Our results demonstrate that women residing in the San Juan metropolitan area of PR are highly exposed to these four vaccine-targeted HPV types. In fact, HPV 6,11,16,18 antibodies were present in more than 40% of subjects, irrespective of the presence or absence of current genital infection. This finding highlights the burden of current, as well as of past lifetime exposure to HPV in the study group. In addition, serological data confirmed lifetime exposure to at least one HPV vaccine type in almost half of the study subjects. This estimate is higher than that for women aged 14–59 years (31.8% seropositivity) in the 2003–2006 US National Health and Nutrition Examination Survey (NHANES) (14). Although our small sample size may impact the precision of this estimate. Assay differences and a smaller sample size limiting the precision of the estimate could both contribute to the differences. Direct comparison of the M4ELISA used in the current study has shown higher detection in unvaccinated samples than the competitive luminex assay used in the NHANES survey (10). Public health intervention to vaccinate before sexual debut is needed to have an impact on HPV related morbidities. Information on seroprevalence of specific HPV types in this population can be used for monitoring HPV vaccination strategies in the future, including the inclusion of the new nanovalent HPV vaccine.

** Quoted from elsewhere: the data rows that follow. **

lemma K_prod_has_derivative:
  assumes "0 < t" "t < 1"
  shows "(K_prod has_real_derivative
           K_series t * K_series (1 - t) * (K_shifted_log_deriv t - K_shifted_log_deriv (1 - t))) (at t)"
proof -
  have t: "\<bar>t\<bar> < 1" "\<bar>1 - t\<bar> < 1" using assms by auto
  have F1: "1 \<le> K_series t" "1 \<le> K_series (1 - t)" using K_series_ge_one assms by auto
  have d1: "((\<lambda>t. K_series (1 - t)) has_real_derivative K_series_deriv (1 - t) * (- 1)) (at t)"
    by (rule DERIV_chain2[where g = "\<lambda>t. 1 - t", OF K_series_has_derivative[OF t(2)]])
       (auto intro!: derivative_eq_intros)
  have "(K_prod has_real_derivative
          (1 - 2 * t) * K_series t * K_series (1 - t) + t * (1 - t) * K_series_deriv t * K_series (1 - t)
          - K_series t * ((1 - t) * t * K_series_deriv (1 - t))) (at t)"
    unfolding K_prod_def[abs_def]
    by (rule derivative_eq_intros K_series_has_derivative[OF t(1)] d1 refl | simp)+
       (simp add: algebra_simps)
  moreover have "(1 - 2 * t) * K_series t * K_series (1 - t) + t * (1 - t) * K_series_deriv t * K_series (1 - t)
          - K_series t * ((1 - t) * t * K_series_deriv (1 - t))
        = K_series t * K_series (1 - t) * (K_shifted_log_deriv t - K_shifted_log_deriv (1 - t))"
    unfolding K_shifted_log_deriv_def K_antideriv_eq[OF t(1)] K_antideriv_eq[OF t(2)] using F1
    by (simp add: field_simps)
  ultimately show ?thesis by simp
qed
definition resolvent :: "nat \<Rightarrow> real mat \<Rightarrow> real \<Rightarrow> real mat" where
  "resolvent n A t = (THE B. B \<in> carrier_mat n n \<and>
      (1\<^sub>m n - t \<cdot>\<^sub>m A) * B = 1\<^sub>m n \<and> B * (1\<^sub>m n - t \<cdot>\<^sub>m A) = 1\<^sub>m n)"

definition theta :: "nat \<Rightarrow> real \<Rightarrow> real" where
  "theta n \<alpha> = (if \<alpha> = 1 then ln (exp 1 + 1)
                 else ln (exp 1 + \<alpha> powr (2 / real n)) * (\<alpha> - 1) / ln \<alpha>)"

definition walk_dist :: "nat \<Rightarrow> real mat \<Rightarrow> real \<Rightarrow> nat \<Rightarrow> nat \<Rightarrow> real" where
  "walk_dist n A \<alpha> i j =
     (let t = inverse (rho A + inverse \<alpha>); R = resolvent n A t
      in theta n \<alpha> * ((ln (R $$ (i,i)) + ln (R $$ (j,j))) / 2 - ln (R $$ (i,j))))"

end

theory Submission
  imports Defs "HOL-Real_Asymp.Real_Asymp"
begin

text \<open>For small t the resolvent is the Neumann series \<open>R\<^sub>t = \<Sum>\<^sub>k t\<^sup>k A\<^sup>k\<close>, and for a
  nonnegative A the entry \<open>(A\<^sup>k)\<^sub>i\<^sub>j\<close> is positive exactly when there is a walk of length k
  from i to j. Hence \<open>r\<^sub>i\<^sub>j(t)\<close> is of exact order \<open>t\<^sup>d\<close> with \<open>d = d\<^sup>s(i,j)\<close>, so
  \<open>ln r\<^sub>i\<^sub>j(t) = d ln t + O(1)\<close> as \<open>t \<rightarrow> 0\<close>, while \<open>ln r\<^sub>i\<^sub>i(t) = O(1)\<close>. As \<open>\<alpha> \<rightarrow> 0\<^sup>+\<close> we have
  \<open>t \<rightarrow> 0\<^sup>+\<close>, \<open>\<theta> \<rightarrow> 0\<close> and \<open>\<theta> ln t \<rightarrow> -1\<close>, so the bounded terms vanish and \<open>d\<^sup>W\<^sub>\<alpha>(i,j) \<rightarrow> d\<close>.\<close>

lemma tendsto_zero_mult_Bfun:
  fixes f g :: "'a \<Rightarrow> real"
  assumes "(f \<longlongrightarrow> 0) F" and "Bfun g F"
  shows "((\<lambda>x. f x * g x) \<longlongrightarrow> 0) F"
  using bounded_bilinear.Zfun_prod_Bfun[OF bounded_bilinear_mult] assms
  by (simp add: tendsto_Zfun_iff)

lemma Bfun_compose_filterlim:
  fixes f :: "'b \<Rightarrow> 'c::real_normed_vector"
  assumes "Bfun f F" and "filterlim g F G"
  shows "Bfun (\<lambda>x. f (g x)) G"
proof -
  obtain B where "\<forall>\<^sub>F y in F. norm (f y) \<le> B" using BfunE[OF assms(1)] by blast
  from eventually_compose_filterlim[OF this assms(2)] show ?thesis by (rule BfunI)
qed
lemma card_filter_bij_betw:
  assumes "bij_betw h S T"
  shows "card {x \<in> S. P (h x)} = card {y \<in> T. P y}"
proof -
  have "h ` S = T" using assms by (simp add: bij_betw_def)
  then have "bij_betw h {x \<in> S. P (h x)} {y \<in> T. P y}"
    by (intro bij_betw_subset[OF assms]) auto
  then show ?thesis by (rule bij_betw_same_card)
qed

lemma arrow_at:
  assumes "card {a \<in> A. f a = v} = 1"
  shows "arrow_at A f v \<in> A" "f (arrow_at A f v) = v"
    and "a \<in> A \<Longrightarrow> f a = v \<Longrightarrow> arrow_at A f v = a"
proof -
  obtain b where b: "{a \<in> A. f a = v} = {b}" using assms by (auto simp: card_1_singleton_iff)
  then have eq: "arrow_at A f v = b" unfolding arrow_at_def by (intro the_equality) blast+
  with b show "arrow_at A f v \<in> A" "f (arrow_at A f v) = v" by blast+
  show "arrow_at A f v = a" if "a \<in> A" "f a = v"
    using b that unfolding eq by (metis (mono_tags, lifting) mem_Collect_eq singletonD)
qed

lemma deg_eq_1_1_iff:
  "deg A s t v = (1, 1) \<longleftrightarrow> card {a \<in> A. t a = v} = 1 \<and> card {a \<in> A. s a = v} = 1"
  by (simp add: deg_def indeg_def outdeg_def)

lemma deg_converse_eq_1_1: "deg A t s v = (1, 1) \<longleftrightarrow> deg A s t v = (1, 1)"
  by (auto simp: deg_def indeg_def outdeg_def)
lemma cyc_compatible_rot_iff:
  assumes "claw n S k f"
  shows "cyc_compatible n S k (rot n m k f) \<longleftrightarrow> cyc_compatible n S k f"
proof -
  have "(\<forall>i\<le>n. edge_compatible n S k (rot n m k f) i) \<longleftrightarrow> (\<forall>a\<le>n. edge_compatible n S k f a)"
    by (rule all_atMost_reindex_cyc_shift[where d = m]) (rule edge_compatible_rot_iff[OF assms])
  then show ?thesis
    unfolding cyc_compatible_iff_fibre_edge fibre_compatible_rot_iff[OF assms] by simp
qed

lemma cyc_compatible_if_endpoint_in_all_img:
  assumes "compatible n S k g" and "(\<forall>s\<in>S. 0 \<in> img k g s) \<or> (\<forall>s\<in>S. n \<in> img k g s)"
  shows "cyc_compatible n S k g"
  unfolding cyc_compatible_def
proof (intro conjI assms(1) ballI impI)
  fix s t assume st: "s \<in> S" "t \<in> S" "\<not> {0, n} \<subseteq> img k g s \<and> \<not> {0, n} \<subseteq> img k g t"
  have n: "0 < n" using assms(2) st by (cases n) auto
  obtain i where "0 < i" "i \<le> n" "\<not> {i - 1, i} \<subseteq> img k g s" "\<not> {i - 1, i} \<subseteq> img k g t"
  proof (cases "\<forall>s\<in>S. 0 \<in> img k g s")
    case True
    then show ?thesis using that[of n] n st by auto
  next
    case False
    then show ?thesis using that[of 1] n st assms(2) by auto
  qed
  then show "s = t" using assms(1) st(1,2) unfolding compatible_def by blast
qed
(* Let RV (Range Voting) be the voting rule that, on any profile, elects an alternative maximizing the social welfare of the voters of that profile. In any district-based election with $m$ alternatives, $n$ voters and $k$ districts using RV in every district, for any election winner $a$, $$\frac{\max_{j}\mathrm{SW}(j\mid\mathbf v)}{\mathrm{SW}(a\mid\mathbf v)}\le \begin{cases} 1+\dfrac{mk}{2} & \text{(symmetric)},\\[2mm] 1+\dfrac{m}{2}\left(\dfrac{n+\max_{d}n_d}{\min_{d}n_d}-1\right) & \text{(unweighted)},\\[2mm] 1+m\left(\dfrac{n}{\min_{d}n_d}-1\right) & \text{(unrestricted)}. \end{cases}$$
   Context: A district-based election consists of a set $\mathcal M$ of $m\ge 2$ alternatives, a set $\mathcal N$ of $n$ voters, a partition $\mathcal D$ of $\mathcal N$ into $k$ nonempty districts (district $d$ has $n_d$ voters), positive weights $w_d>0$, and a valuation profile $\mathbf v$ with $v_{ij}\ge0$ and $\sum_j v_{ij}=1$ for every voter $i$. In each district $d$ the local winner $j_d$ is the output of the voting rule on the subprofile of voters in $d$ (local ties broken arbitrarily); the election winner is any alternative in $\arg\max_j\sum_d w_d\mathbf 1[j=j_d]$. $\mathrm{SW}(j\mid\mathbf v)=\sum_i v_{ij}$. Symmetric: $n_d=n/k$, $w_d=1$; unweighted: $w_d=1$; unrestricted: arbitrary sizes and positive weights. *)

theory Defs
  imports Complex_Main "HOL-Library.Disjoint_Sets"
begin

definition SW :: "'v set \<Rightarrow> ('v \<Rightarrow> 'a \<Rightarrow> real) \<Rightarrow> 'a \<Rightarrow> real" where
  "SW V v j = (\<Sum>i\<in>V. v i j)"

Finally, our findings showed an association between cervical HPV 18 detection and HPV 18 serology that was statistically significant (p<0.05). The literature suggests that the pattern of HPV-18 seroconversion is more similar to that of HPV-16, than any other HPV type (15). However, our results showed no significant difference between HPV 6/11 and 16 and anogenital HPV DNA infection, as observed in other studies, whose results did show significant associations of HPV 6/11 and 16 antibodies and anogenital HPV DNA infection (3,4). HPV DNA infection does not always induce an immune response that results in HPV-specific antibodies (15–17).

The low detection rates of HPV DNA in cervix and anus limited the power of this study to evaluate associations with HPV serology, particularly for specific HPV types. Further, the cross-sectional data do not give insights into differences in seroconversion rates and anatomic site infection. While our study showed that in women, HPV seropositivity was more strongly associated with cervical than anal HPV and seropositivity, this result needs to be interpreted with caution. Longitudinal studies will give a better understanding of the natural history of HPV infections at various anatomic sites and of the immune response to these natural infections.